Work order —
Filter the listing below down to the lines containing the word "Bcoef".
*****
(* Under the setting below, suppose that for some $\tau_c\in(0,\bar\tau)$ the equation $\Delta(\lambda,\tau_c):=\lambda+A(\tau_c)-B(\tau_c)e^{-\lambda\tau_c}=0$ has a pair of purely imaginary roots $\pm i\omega(\tau_c)$ with $\omega(\tau_c)>0$. Then $\pm i\omega(\tau_c)$ are simple roots, so there is a $C^1$ branch of roots $\lambda(\tau)$ near $\tau_c$ with $\lambda(\tau_c)=i\omega(\tau_c)$, and $$\mathrm{sign}\left\{\frac{d\,\mathrm{Re}\,\lambda}{d\tau}\Big|_{\tau=\tau_c}\right\}=\mathrm{sign}\Big\{-B^3-B^2B'\tau_c+B\,(A^2+A'+AA'\tau_c)-B'A\Big\},$$ where $A=A(\tau_c)$, $B=B(\tau_c)$, $A'=A'(\tau_c)$, $B'=B'(\tau_c)$.
   Context: Let $\delta>0$ and $\beta:[0,+\infty)\to(0,+\infty)$ twice continuously differentiable, strictly decreasing, with $\beta'(s)<0$ for $s>0$, $\lim_{S\to+\infty}\beta(S)=0$, and $\delta<\beta(0)$. Let $\bar\tau:=\frac1\delta\ln\!\big(\frac{2\beta(0)}{\delta+\beta(0)}\big)$, $\beta^{-1}$ the inverse of $\beta$ on $(0,\beta(0)]$, and for $\tau\in[0,\bar\tau)$: $S^*(\tau)=\beta^{-1}\!\big(\frac{\delta}{2e^{-\delta\tau}-1}\big)$, $N^*(\tau)=(2e^{-\delta\tau}-1)e^{\delta\tau}S^*(\tau)$, $A(\tau)=\delta+\beta(S^*(\tau))$, $B(\tau)=[2\beta(S^*(\tau))+N^*(\tau)\beta'(S^*(\tau))]e^{-\delta\tau}$; these are continuously differentiable in $\tau$, and $A'$, $B'$ denote their derivatives. *)

theory Defs
  imports "HOL-Analysis.Analysis"
begin

definition taubar :: "(real \<Rightarrow> real) \<Rightarrow> real \<Rightarrow> real" where
  "taubar \<beta> \<delta> = (1/\<delta>) * ln (2 * \<beta> 0 / (\<delta> + \<beta> 0))"

definition beta_inv :: "(real \<Rightarrow> real) \<Rightarrow> real \<Rightarrow> real" where
  "beta_inv \<beta> y = the_inv_into {0..} \<beta> y"

definition Sstar :: "(real \<Rightarrow> real) \<Rightarrow> real \<Rightarrow> real \<Rightarrow> real" where
  "Sstar \<beta> \<delta> \<tau> = beta_inv \<beta> (\<delta> / (2 * exp (-\<delta>*\<tau>) - 1))"

definition Nstar :: "(real \<Rightarrow> real) \<Rightarrow> real \<Rightarrow> real \<Rightarrow> real" where
  "Nstar \<beta> \<delta> \<tau> = (2 * exp (-\<delta>*\<tau>) - 1) * exp (\<delta>*\<tau>) * Sstar \<beta> \<delta> \<tau>"

definition Acoef :: "(real \<Rightarrow> real) \<Rightarrow> real \<Rightarrow> real \<Rightarrow> real" where
  "Acoef \<beta> \<delta> \<tau> = \<delta> + \<beta> (Sstar \<beta> \<delta> \<tau>)"

definition Bcoef :: "(real \<Rightarrow> real) \<Rightarrow> real \<Rightarrow> real \<Rightarrow> real" where
  "Bcoef \<beta> \<delta> \<tau> = (2 * \<beta> (Sstar \<beta> \<delta> \<tau>) + Nstar \<beta> \<delta> \<tau> * deriv \<beta> (Sstar \<beta> \<delta> \<tau>))
                   * exp (-\<delta>*\<tau>)"

definition charfun :: "(real \<Rightarrow> real) \<Rightarrow> real \<Rightarrow> complex \<Rightarrow> real \<Rightarrow> complex" where
  "charfun \<beta> \<delta> l \<tau> = l + complex_of_real (Acoef \<beta> \<delta> \<tau>)
      - complex_of_real (Bcoef \<beta> \<delta> \<tau>) * exp (- l * complex_of_real \<tau>)"

end

theory Submission
  imports Defs
begin

lemma C1_differentiable_on_realI:
  fixes h :: "real \<Rightarrow> real"
  assumes "\<And>y. y \<in> T \<Longrightarrow> (h has_real_derivative h' y) (at y)" "continuous_on T h'"
  shows "h C1_differentiable_on T"
  using assms unfolding C1_differentiable_on_def has_real_derivative_iff_has_vector_derivative
  by blast

text \<open>Chain rule for \<open>C\<^sup>1\<close> functions. Unlike the library's \<open>C1_differentiable_compose\<close>,
  no finiteness of fibres is needed, since the inner function is real-valued.\<close>

lemma C1_differentiable_on_compose_real:
  fixes f :: "real \<Rightarrow> real" and g :: "real \<Rightarrow> 'a::real_normed_vector"
  assumes f: "f C1_differentiable_on S" and g: "g C1_differentiable_on T" and "f ` S \<subseteq> T"
  shows "(\<lambda>x. g (f x)) C1_differentiable_on S"
proof -
  obtain Df where Df: "\<And>x. x \<in> S \<Longrightarrow> (f has_vector_derivative Df x) (at x)" "continuous_on S Df"
    using f unfolding C1_differentiable_on_def by blast
  obtain Dg where Dg: "\<And>y. y \<in> T \<Longrightarrow> (g has_vector_derivative Dg y) (at y)" "continuous_on T Dg"
    using g unfolding C1_differentiable_on_def by blast
  have "((\<lambda>x. g (f x)) has_vector_derivative Df x *\<^sub>R Dg (f x)) (at x)" if "x \<in> S" for x
  proof -
    have "f x \<in> T" using that assms(3) by blast
    from vector_diff_chain_at[OF Df(1)[OF that] Dg(1)[OF this]] show ?thesis by (simp add: o_def)
  qed
  moreover have "continuous_on S (\<lambda>x. Df x *\<^sub>R Dg (f x))"
    by (rule continuous_on_scaleR[OF Df(2) continuous_on_compose2[OF Dg(2)
          C1_differentiable_imp_continuous_on[OF f] assms(3)]])
  ultimately show ?thesis
    unfolding C1_differentiable_on_def by (intro exI[of _ "\<lambda>x. Df x *\<^sub>R Dg (f x)"]) blast
qed

lemma C1_differentiable_on_open_cong:
  assumes "open S" "\<And>x. x \<in> S \<Longrightarrow> f x = g x" "f C1_differentiable_on S"
  shows "g C1_differentiable_on S"
proof -
  obtain D where D: "\<And>x. x \<in> S \<Longrightarrow> (f has_vector_derivative D x) (at x)" "continuous_on S D"
    using assms(3) unfolding C1_differentiable_on_def by blast
  have "(g has_vector_derivative D x) (at x)" if "x \<in> S" for x
    using has_vector_derivative_transform_within_open[OF D(1)[OF that] assms(1) that] assms(2) by auto
  with D(2) show ?thesis unfolding C1_differentiable_on_def by blast
qed

lemma exp_C1: "exp C1_differentiable_on S"
proof (rule C1_differentiable_on_realI)
  show "(exp has_real_derivative exp y) (at y)" for y :: real by (rule DERIV_exp)
qed (rule continuous_on_exp[OF continuous_on_id])

lemma inverse_C1: "(inverse :: real \<Rightarrow> real) C1_differentiable_on {0<..}"
proof (rule C1_differentiable_on_realI)
  show "(inverse has_real_derivative - (inverse y ^ 2)) (at y)" if "y \<in> {0<..}" for y :: real
    using DERIV_inverse[of y] that by (simp add: power2_eq_square)
  show "continuous_on {0<..} (\<lambda>y::real. - (inverse y ^ 2))"
    by (intro continuous_intros) auto
qed

lemma exp_linear_C1: "(\<lambda>\<tau>. exp (c * \<tau>)) C1_differentiable_on S"
  by (rule C1_differentiable_on_compose_real[OF _ exp_C1, of _ _ UNIV]) auto

text \<open>Jacobian of \<open>(z, t) \<mapsto> (f (z, t), t)\<close> when \<open>f\<close> has partial derivatives \<open>a\<close> in the
  complex variable and \<open>b\<close> in the real parameter.\<close>

definition implicit_jac :: "complex \<Rightarrow> complex \<Rightarrow> complex \<times> real \<Rightarrow> complex \<times> real" where
  "implicit_jac a b v = (a * fst v + of_real (snd v) * b, snd v)"

lemma bounded_linear_implicit_jac: "bounded_linear (implicit_jac a b)"
proof -
  have "bounded_linear (\<lambda>v::complex \<times> real. complex_of_real (snd v))"
    by (rule bounded_linear_compose[OF bounded_linear_of_real bounded_linear_snd])
  then show ?thesis unfolding implicit_jac_def by (auto intro!: bounded_linear_intros)
qed

lemma norm_implicit_jac_diff:
  "norm (Blinfun (implicit_jac a b) - Blinfun (implicit_jac a' b')) \<le> norm (a - a') + norm (b - b')"
proof (rule norm_blinfun_bound)
  show "0 \<le> norm (a - a') + norm (b - b')" by simp
  fix v :: "complex \<times> real"
  have "norm (blinfun_apply (Blinfun (implicit_jac a b) - Blinfun (implicit_jac a' b')) v)
        = norm ((a - a') * fst v + of_real (snd v) * (b - b'))"
    by (simp add: blinfun.diff_left bounded_linear_Blinfun_apply[OF bounded_linear_implicit_jac]
        implicit_jac_def norm_Pair algebra_simps)
  also have "\<dots> \<le> norm (a - a') * norm (fst v) + norm (snd v) * norm (b - b')"
    by (rule order_trans[OF norm_triangle_ineq]) (simp add: norm_mult)
  also have "\<dots> \<le> norm (a - a') * norm v + norm v * norm (b - b')"
  proof -
    have "norm (fst v) \<le> norm v" "norm (snd v) \<le> norm v"
      by (metis prod.collapse norm_fst_le, metis prod.collapse norm_snd_le)
    then show ?thesis by (intro add_mono mult_mono) auto
  qed
  finally show "norm (blinfun_apply (Blinfun (implicit_jac a b) - Blinfun (implicit_jac a' b')) v)
      \<le> (norm (a - a') + norm (b - b')) * norm v"
    by (simp add: algebra_simps)
qed

lemma continuous_on_implicit_jac:
  assumes "continuous_on U a" "continuous_on U b"
  shows "continuous_on U (\<lambda>p. Blinfun (implicit_jac (a p) (b p)))"
  unfolding continuous_on_def
proof (intro ballI)
  fix p assume p: "p \<in> U"
  have "((\<lambda>q. a q - a p) \<longlongrightarrow> 0) (at p within U)" "((\<lambda>q. b q - b p) \<longlongrightarrow> 0) (at p within U)"
    using assms p by (auto simp: continuous_on_def LIM_zero_iff)
  then have "((\<lambda>q. norm (a q - a p) + norm (b q - b p)) \<longlongrightarrow> 0) (at p within U)"
    using tendsto_add_zero tendsto_norm_zero by blast
  then have "((\<lambda>q. Blinfun (implicit_jac (a q) (b q)) - Blinfun (implicit_jac (a p) (b p))) \<longlongrightarrow> 0)
      (at p within U)"
    by (rule Lim_null_comparison[rotated]) (simp add: norm_implicit_jac_diff)
  then show "((\<lambda>q. Blinfun (implicit_jac (a q) (b q))) \<longlongrightarrow> Blinfun (implicit_jac (a p) (b p)))
      (at p within U)"
    by (simp add: LIM_zero_iff)
qed

lemma implicit_curve_derivative:
  fixes f :: "complex \<times> real \<Rightarrow> complex" and lam :: "real \<Rightarrow> complex"
  assumes f: "(f has_derivative (\<lambda>v. a * fst v + of_real (snd v) * b)) (at (lam t, t))"
    and lam: "(lam has_vector_derivative L) (at t)"
    and zero: "e > 0" "\<forall>s\<in>ball t e. f (lam s, s) = 0"
  shows "a * L + b = 0"
proof -
  have curve: "((\<lambda>s. (lam s, s)) has_derivative (\<lambda>h. (h *\<^sub>R L, h))) (at t)"
    using lam unfolding has_vector_derivative_def
    by (auto intro!: has_derivative_Pair derivative_intros)
  have "((\<lambda>s. f (lam s, s)) has_vector_derivative a * L + b) (at t)"
    using has_derivative_compose[OF curve f] unfolding has_vector_derivative_def
    by (rule has_derivative_eq_rhs) (simp add: fun_eq_iff scaleR_conv_of_real algebra_simps)
  moreover have "((\<lambda>s. f (lam s, s)) has_vector_derivative 0) (at t)"
    by (rule has_vector_derivative_transform_within_open[of "\<lambda>_. 0" 0 t "ball t e"])
       (use zero in auto)
  ultimately show ?thesis by (rule vector_derivative_unique_at)
qed

lemma implicit_jac_inverse:
  assumes "a \<noteq> 0"
  shows "Blinfun (implicit_jac (1 / a) (- b / a)) o\<^sub>L Blinfun (implicit_jac a b) = id_blinfun"
proof (rule blinfun_eqI)
  fix v :: "complex \<times> real"
  have "implicit_jac (1 / a) (- b / a) (implicit_jac a b v) = v"
    using assms by (simp add: implicit_jac_def field_simps)
  then show "blinfun_apply (Blinfun (implicit_jac (1 / a) (- b / a)) o\<^sub>L Blinfun (implicit_jac a b)) v
      = blinfun_apply id_blinfun v"
    by (simp add: bounded_linear_Blinfun_apply[OF bounded_linear_implicit_jac])
qed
*****
Answer —
definition Bcoef :: "(real \<Rightarrow> real) \<Rightarrow> real \<Rightarrow> real \<Rightarrow> real" where
  "Bcoef \<beta> \<delta> \<tau> = (2 * \<beta> (Sstar \<beta> \<delta> \<tau>) + Nstar \<beta> \<delta> \<tau> * deriv \<beta> (Sstar \<beta> \<delta> \<tau>))
      - complex_of_real (Bcoef \<beta> \<delta> \<tau>) * exp (- l * complex_of_real \<tau>)"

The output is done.